[Opening INFORMATION SUPPLIED section]

text \<open>Diagonal entries of T f^, from the Fubini representation with w = T b.\<close>

lemma diag_quant:
  assumes T: "bounded_op M T" "positive_op M T"
    and f: "f \<in> borel_measurable M" "integrable M (\<lambda>x. (f x)\<^sup>2)" "\<forall>x\<in>space M. 0 \<le> f x"
    and b: "b \<in> L2 M"
  shows "set_integrable lborel {0..} (tail_coeff M T f b)"
    and "inner_L2 M b (T (quant M f b)) = (LINT l:{0..}|lborel. tail_coeff M T f b l)"
proof -
  have Tb: "T b \<in> L2 M" using T(1) b by (rule bounded_op_L2)
  show "set_integrable lborel {0..} (tail_coeff M T f b)"
    using quant_quadratic_form(1)[OF f b Tb] unfolding tail_coeff_def[abs_def] .
  have "inner_L2 M b (T (quant M f b)) = cnj (inner_L2 M (quant M f b) (T b))"
    using T b quant_L2[OF f b] by (rule positive_op_hermitian)
  also have "\<dots> = inner_L2 M (T b) (quant M f b)"
    by (simp add: inner_L2_commute[of M "T b"])
  also have "\<dots> = (LINT l:{0..}|lborel. tail_coeff M T f b l)"
    using quant_quadratic_form(2)[OF f b Tb] unfolding tail_coeff_def .
  finally show "inner_L2 M b (T (quant M f b)) = (LINT l:{0..}|lborel. tail_coeff M T f b l)" .
qed

end

text \<open>Cauchy-Schwarz and Bessel bound the finite partial sums of the products of coefficients
  of u and of T u by (||u||^2 + ||T u||^2) / 2.\<close>

lemma diag_coefficient_sum_bound:
  assumes T: "bounded_op M T" "positive_op M T"
    and F: "finite F" "orthonormal_L2 M F" and u: "u \<in> L2 M"
  shows "(\<Sum>b\<in>F. cmod (inner_L2 M u b * inner_L2 M (T b) u))
    \<le> (norm2_L2 M u + norm2_L2 M (T u)) / 2"
proof -
  have Tu: "T u \<in> L2 M" using T(1) u by (rule bounded_op_L2)
  have single_term: "cmod (inner_L2 M u b * inner_L2 M (T b) u)
      \<le> ((cmod (inner_L2 M b u))\<^sup>2 + (cmod (inner_L2 M b (T u)))\<^sup>2) / 2" if "b \<in> F" for b
  proof -
    have "inner_L2 M (T b) u = inner_L2 M b (T u)"
      using positive_op_hermitian[OF T u orthonormal_L2_in_L2[OF F(2) that]]
      by (simp add: inner_L2_commute[of M "T b"])
    then show ?thesis
      using sum_squares_bound[of "cmod (inner_L2 M b u)" "cmod (inner_L2 M b (T u))"]
      by (simp add: norm_mult inner_L2_commute[of M u b])
  qed
  have "(\<Sum>b\<in>F. cmod (inner_L2 M u b * inner_L2 M (T b) u))
      \<le> (\<Sum>b\<in>F. ((cmod (inner_L2 M b u))\<^sup>2 + (cmod (inner_L2 M b (T u)))\<^sup>2) / 2)"
    by (rule sum_mono) (rule single_term)
  also have "\<dots> = ((\<Sum>b\<in>F. (cmod (inner_L2 M b u))\<^sup>2) + (\<Sum>b\<in>F. (cmod (inner_L2 M b (T u)))\<^sup>2)) / 2"
    by (simp only: sum_divide_distrib[symmetric] sum.distrib)
  also have "\<dots> \<le> (norm2_L2 M u + norm2_L2 M (T u)) / 2"
    using bessel_inequality[OF F u] bessel_inequality[OF F Tu] by simp
  finally show ?thesis .
qed

context finite_measure
begin

lemma indicator_diag_sum_bound:
  assumes T: "bounded_op M T" "positive_op M T"
    and K: "\<forall>u\<in>L2 M. norm2_L2 M (T u) \<le> K * norm2_L2 M u"
    and F: "finite F" "orthonormal_L2 M F" and A: "A \<in> sets M"
  shows "(\<Sum>b\<in>F. cmod (inner_L2 M (indicator A) b * inner_L2 M (T b) (indicator A)))
    \<le> (1 + \<bar>K\<bar>) / 2 * measure M A"
proof -
  have chi: "indicator A \<in> L2 M" using A by (rule indicator_L2)
  have "norm2_L2 M (T (indicator A)) \<le> K * norm2_L2 M (indicator A)"
    using K chi by blast
  also have "\<dots> \<le> \<bar>K\<bar> * measure M A"
    by (simp add: norm2_L2_indicator[OF A] mult_right_mono)
  finally have "(norm2_L2 M (indicator A) + norm2_L2 M (T (indicator A))) / 2 \<le> (1 + \<bar>K\<bar>) / 2 * measure M A"
    by (simp add: norm2_L2_indicator[OF A] field_simps)
  with diag_coefficient_sum_bound[OF T F chi] show ?thesis by linarith
qed

lemma tail_coeff_dominated:
  assumes T: "bounded_op M T" "positive_op M T" and B: "orthonormal_L2 M B"
    and f: "f \<in> borel_measurable M" "integrable M f" "\<forall>x\<in>space M. 0 \<le> f x"
  obtains D where "integrable lborel D"
    "\<And>F l. finite F \<Longrightarrow> F \<subseteq> B \<Longrightarrow> (\<Sum>b\<in>F. norm (indicator {0..} l *\<^sub>R tail_coeff M T f b l)) \<le> D l"
proof -
  obtain K where K: "\<forall>u\<in>L2 M. norm2_L2 M (T u) \<le> K * norm2_L2 M u"
    using T(1) unfolding bounded_op_def by blast
  define D where "D l = indicator {0..} l * ((1 + \<bar>K\<bar>) / 2 * measure M (superlevel M f l))" for l :: real
  have "integrable lborel D"
    using superlevel_measure_integrable[OF f] unfolding set_integrable_def D_def
    by (simp add: mult.left_commute)
  moreover have "(\<Sum>b\<in>F. norm (indicator {0..} l *\<^sub>R tail_coeff M T f b l)) \<le> D l"
    if F: "finite F" "F \<subseteq> B" for F l
  proof -
    have "superlevel M f l \<in> sets M" using f(1) by measurable
    from indicator_diag_sum_bound[OF T K F(1) orthonormal_L2_subset[OF B F(2)] this]
    show ?thesis
      by (auto simp: tail_coeff_def D_def sum_distrib_left[symmetric] split: split_indicator)
  qed
  ultimately show ?thesis by (rule that)
qed

lemma tail_formula_orthonormal:
  assumes T: "bounded_op M T" "positive_op M T" and B: "orthonormal_L2 M B"
    and f: "f \<in> borel_measurable M" "integrable M (\<lambda>x. (f x)\<^sup>2)" "\<forall>x\<in>space M. 0 \<le> f x"
  shows "set_integrable lborel {0..}
           (\<lambda>l. infsum (\<lambda>b. inner_L2 M b (T (mu_op M (superlevel M f l) b))) B)"
    and "infsum (\<lambda>b. inner_L2 M b (T (quant M f b))) B
       = (LINT l:{0..}|lborel. infsum (\<lambda>b. inner_L2 M b (T (mu_op M (superlevel M f l) b))) B)"
proof -
  have A: "superlevel M f l \<in> sets M" for l using f(1) by measurable
  have in_L2: "b \<in> L2 M" if "b \<in> B" for b using B that by (rule orthonormal_L2_in_L2)
  define g where "g b l = indicator {0..} l *\<^sub>R tail_coeff M T f b l" for b and l :: real
  obtain S where S: "countable S" "S \<subseteq> B"
    and outside_S: "\<And>b l. b \<in> B \<Longrightarrow> b \<notin> S \<Longrightarrow> inner_L2 M (indicator (superlevel M f l)) b = 0"
    using countable_superlevel_support[OF B f(1)] by blast
  have g_zero: "g b l = 0" if "b \<in> B" "b \<notin> S" for b l
    using outside_S[OF that] by (simp add: g_def tail_coeff_def)
  have g_int: "integrable lborel (g b)" if "b \<in> B" for b
    using diag_quant(1)[OF T f in_L2[OF that]] unfolding set_integrable_def g_def .
  obtain D where "integrable lborel D" "\<And>F l. finite F \<Longrightarrow> F \<subseteq> B \<Longrightarrow> (\<Sum>b\<in>F. norm (g b l)) \<le> D l"
    using tail_coeff_dominated[OF T B f(1) square_integrable_imp_integrable[OF f(1,2)] f(3)]
    unfolding g_def by blast
  note interchange = infsum_integral_interchange[OF S g_zero g_int this(2,1)]
  have diag_sum: "infsum (\<lambda>b. g b l) B = indicator {0..} l *\<^sub>R
      infsum (\<lambda>b. inner_L2 M b (T (mu_op M (superlevel M f l) b))) B" for l
    unfolding g_def infsum_scaleR_right
    by (intro arg_cong[where f="scaleR _"] infsum_cong) (simp add: diag_mu_op[OF T A in_L2] tail_coeff_def)
  show "set_integrable lborel {0..}
      (\<lambda>l. infsum (\<lambda>b. inner_L2 M b (T (mu_op M (superlevel M f l) b))) B)"
    using interchange(1) unfolding set_integrable_def diag_sum .
  have "infsum (\<lambda>b. inner_L2 M b (T (quant M f b))) B = infsum (\<lambda>b. integral\<^sup>L lborel (g b)) B"
  proof (rule infsum_cong)
    fix b assume "b \<in> B"
    from diag_quant(2)[OF T f in_L2[OF this]]
    show "inner_L2 M b (T (quant M f b)) = integral\<^sup>L lborel (g b)"
      unfolding set_lebesgue_integral_def g_def .
  qed
  also have "\<dots> = integral\<^sup>L lborel (\<lambda>l. infsum (\<lambda>b. g b l) B)"
    using interchange(2) by (rule infsumI)
  finally show "infsum (\<lambda>b. inner_L2 M b (T (quant M f b))) B
      = (LINT l:{0..}|lborel. infsum (\<lambda>b. inner_L2 M b (T (mu_op M (superlevel M f l) b))) B)"
    unfolding set_lebesgue_integral_def diag_sum .
qed

end

text \<open>The theorem: both traces are diagonal sums over the orthonormal basis chosen in trace_op,
  and rho is bounded and positive.\<close>

theorem theorem3p4:
  fixes M :: "'a measure" and \<rho> :: "('a \<Rightarrow> complex) \<Rightarrow> ('a \<Rightarrow> complex)" and f :: "'a \<Rightarrow> real"
  assumes "prob_space M"
    and "density_op M \<rho>"
    and "f \<in> borel_measurable M" and "integrable M (\<lambda>x. (f x)\<^sup>2)"
    and "\<forall>x\<in>space M. 0 \<le> f x"
  shows "set_integrable lborel {0..} (\<lambda>l::real. mu_rho M \<rho> {x\<in>space M. f x > l})
       \<and> q_integral M \<rho> f = (LINT l:{0..}|lborel. mu_rho M \<rho> {x\<in>space M. f x > l})"
proof -
  interpret prob_space M by (rule assms(1))
  have \<rho>: "bounded_op M \<rho>" "positive_op M \<rho>"
    using assms(2) by (simp_all add: density_op_def)
  obtain B0 where "onb M B0"
    using assms(2) unfolding density_op_def by blast
  then have B: "orthonormal_L2 M (SOME B. onb M B)"
    by (intro onb_imp_orthonormal_L2 someI)
  note formula = tail_formula_orthonormal[OF \<rho> B assms(3-5)]
  show ?thesis
    unfolding q_integral_def mu_rho_def trace_op_def comp_def
    using formula by simp
qed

[Closing INFORMATION SUPPLIED section]

AIM OF THE TASK. From the line with "unfolding q_integral_def mu_rho_def" to the final line of the listing, write out each line unchanged. Add nothing.

ANSWER AREA.
    unfolding q_integral_def mu_rho_def trace_op_def comp_def
    using formula by simp
qed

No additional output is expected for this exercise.